Even if it's somehow available under an MIT license (which is questionable on the part of jethrodaniel), there's still infringement. MIT isn't public domain, it still has
> The above copyright notice and this permission notice shall be included in all copies or substantial portions of the Software.
Replicating it without complying with those terms is still infringement.
this. People are being willfully blind here, like cult members looking dead-eyed at their leader and chanting "This is great" as they drink the kool-aid.
And from Microsoft no less, once outcast for mass poisoning.
Actually the legal system is evidence based. Microsoft has evidence that the code they are producing is licensed under MIT as far as they can reasonably know. There's no definitive way to know that who actually owns the original copyright. I could grant permission to use my repo, but maybe I got that code from someone else, who then got it from someone else and so on and so forth. It's a similar situation with stolen goods, if you unknowingly purchase stolen goods you usually cannot be charged for theft as long as there aren't obvious signs that it's stolen such as the goods being priced far below market value.
Microsoft has evidence that the code they are reproducing is MIT licensed, so are they intentionally violating that license or does this AI thing include the license and attribution in every snippet it generates?
Major aspects of copyright infringement are strict liability, like a lot of civil actions around damages.
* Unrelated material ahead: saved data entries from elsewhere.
(* Let $\Gamma$ be a group and $\alpha<\mathrm{Lit}(\Gamma)$. Then there exist finite symmetric sets $S\subseteq\Gamma$ of arbitrarily large cardinality such that $\mathrm{Cay}(\Gamma,S)$ is $\sqrt[\alpha]{|S|}$-colourable.
   Context: $T_1(\Gamma)$ is the space of all $f\colon\Gamma\to\mathbf{C}$ for which there exist $f_1,f_2\colon\Gamma\times\Gamma\to\mathbf{C}$ with $f(x^{-1}y)=f_1(x,y)+f_2(x,y)$ for all $x,y$, $\sup_x\sum_y|f_1(x,y)|<\infty$, $\sup_y\sum_x|f_2(x,y)|<\infty$; $\mathrm{Lit}(\Gamma)=\inf\{p>0:T_1(\Gamma)\subseteq\ell^p(\Gamma)\}$. $\mathrm{Cay}(\Gamma,S)$ is the graph with vertex set $\Gamma$ and an edge between $g$ and $gs$ for each $s\in S$. For a real number $t$, a graph is called $t$-colourable if its vertices can be coloured with $\lfloor t\rfloor$ colours so that adjacent vertices get different colours. *)

theory Defs
  imports "HOL-Analysis.Analysis" "HOL-Algebra.Group"
begin

definition row_bounded :: "('a, 'b) monoid_scheme \<Rightarrow> ('a \<Rightarrow> 'a \<Rightarrow> complex) \<Rightarrow> bool" where
  "row_bounded G k \<longleftrightarrow> (\<exists>B::real. \<forall>x\<in>carrier G.
      ((\<lambda>y. norm (k x y)) summable_on (carrier G)) \<and> infsum (\<lambda>y. norm (k x y)) (carrier G) \<le> B)"
(* Let $q$ be a prime power, $C\subseteq\mathbb{F}_q^{2n}$ a symplectic self-orthogonal $\mathbb{F}_q$-linear code with stabilizer code $Q(C)\subseteq\mathbb{C}^{q^n}$, and let $\emptyset\neq I\subsetneq J\subseteq\{1,\dots,n\}$. Then $Q(C)$ is $(I,J)$-locally recoverable if and only if \[\sigma_I\left[\pi_J\left(C^{\perp_s}\right)\right]=\sigma_I(C).\]
   Context: $q$ is a power of a prime $p$. Vectors of $\mathbb{F}_q^{2n}$ are written $(\mathbf a|\mathbf b)$, $\mathbf a,\mathbf b\in\mathbb F_q^n$, coordinate pair $(a_j,b_j)$ indexed by $j\in\{1,\dots,n\}$. Symplectic form: $(\mathbf a|\mathbf b)\cdot_s(\mathbf c|\mathbf d)=\mathbf a\cdot\mathbf d-\mathbf b\cdot\mathbf c$; $C^{\perp_s}$ is the dual; $C$ is symplectic self-orthogonal if $C\subseteq C^{\perp_s}$. For $R\subseteq\{1,\dots,n\}$: $\pi_R(\mathbf a|\mathbf b)=(a_j|b_j)_{j\in R}$, puncturing $\pi_R(D)=\{\pi_R(\mathbf y):\mathbf y\in D\}$, shortening $\sigma_R(D)=\{\pi_R(\mathbf y):\mathbf y=(\mathbf a|\mathbf b)\in D,\ \mathrm{supp}(\mathbf a)\cup\mathrm{supp}(\mathbf b)\subseteq R\}$ (the set indicates the coordinates kept); the shortening at $I$ of a code with coordinate pairs indexed by $J\supseteq I$ is defined the same way. Quantum setting: $\xi=e^{2\pi\iota/p}$; on $\mathbb C^q$ with basis indexed by $\mathbb F_q$, $X(a)|x\rangle=|x+a\rangle$, $Z(b)|x\rangle=\xi^{\mathrm{tr}_{q/p}(bx)}|x\rangle$; $E_{(\mathbf a,\mathbf b)}=\bigotimes_jX(a_j)Z(b_j)$. $Q(C)$ is the common eigenspace $\{v:Ev=\lambda(E)v\ \forall E\in S\}$, $S$ the commutative group generated by scalars $\xi^\ell\mathcal I$ and the $E_{\mathbf y}$, $\mathbf y\in C$, $\lambda$ a character of $S$ with $\lambda(\xi\mathcal I)=\xi$. Let $\Gamma(\rho)=q^{-2}\sum_{a,b\in\mathbb F_q}X(a)Z(b)\rho(X(a)Z(b))^\dagger$ and $\Gamma^I$ apply $\Gamma$ to the qudits indexed by $I$ and the identity elsewhere. For $\emptyset\ne I\subsetneq J$, a code $Q$ is $(I,J)$-locally recoverable if there is a trace-preserving quantum operation $\mathcal R$ acting only on the qudits indexed by $J$ (identity on the others) with $\mathcal R\circ\Gamma^I(|\varphi\rangle\langle\varphi|)=|\varphi\rangle\langle\varphi|$ for all $|\varphi\rangle\in Q$. *)

theory Defs
  imports Complex_Main
begin

text \<open>
  The field F_q is a finite field type 'q (q = card (UNIV :: 'q set), p = CHAR('q)).
  The coordinate index set {1,...,n} is a finite type 'n (so J \<subseteq> {1..n} means J :: 'n set).
  A vector (a|b) of F_q^{2n} is a pair of functions 'n \<Rightarrow> 'q.
  Punctured / shortened vectors are represented by zero-padding outside the kept coordinates.
  Vectors of C^{q^n} are functions ('n \<Rightarrow> 'q) \<Rightarrow> complex (basis indexed by F_q^n);
  operators are matrices ('n \<Rightarrow> 'q) \<Rightarrow> ('n \<Rightarrow> 'q) \<Rightarrow> complex  (row, column).
\<close>

type_synonym ('n, 'q) svec = "('n \<Rightarrow> 'q) \<times> ('n \<Rightarrow> 'q)"
type_synonym ('n, 'q) qmat = "('n \<Rightarrow> 'q) \<Rightarrow> ('n \<Rightarrow> 'q) \<Rightarrow> complex"
type_synonym ('n, 'q) qvec = "('n \<Rightarrow> 'q) \<Rightarrow> complex"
It doesn't matter if you thought it was OK, there's still a damaged party that needs compensation according to the law. At best you'll simply avoid the criminal and punitive penalties.
No, PornHub doesn't have liability in a lot of cases because of 17 § 512, but has still had to deal with liability in general, which is why they nuked some 80% of their library not backed by verified individuals a while back.
A huge part of 17§512 is the DMCA takedown process mainly in 17§512(c)(3). Does Microsoft even have the ability to truly remove training data from the model? Or do they have to retrain on each DMCA takedown?
I personally don't want to have to upload proof of identity to GitHub and a signed document swearing that I own the copyright to all the code I upload to GitHub, or proof that I coded it. We need to be careful what we wish for.
> THE SOFTWARE IS PROVIDED “AS IS”, WITHOUT WARRANTY OF ANY KIND, EXPRESS OR IMPLIED, INCLUDING BUT NOT LIMITED TO THE WARRANTIES OF MERCHANTABILITY, FITNESS FOR A PARTICULAR PURPOSE AND NONINFRINGEMENT.
If they had a reasonable basis for believing they had a license they're in the clear. "I didn't know" might not be enough but "I had good reasons to think otherwise" is.
I’m not a lawyer but my understanding these are torts so all you have to prove is Microsoft has liability. I think this would be easy to prove due to the way neural networks work since it’s just a way of performing a search.
Since it’s a tort I don’t think you have to prove they should have know it would return copyrighted code, the fact that it does is enough to have liability.
"jethrodaniel" does not appear to have the copyright to offer that license, but it's hard for Github to determine that in general, so I doubt they would be liable for the error.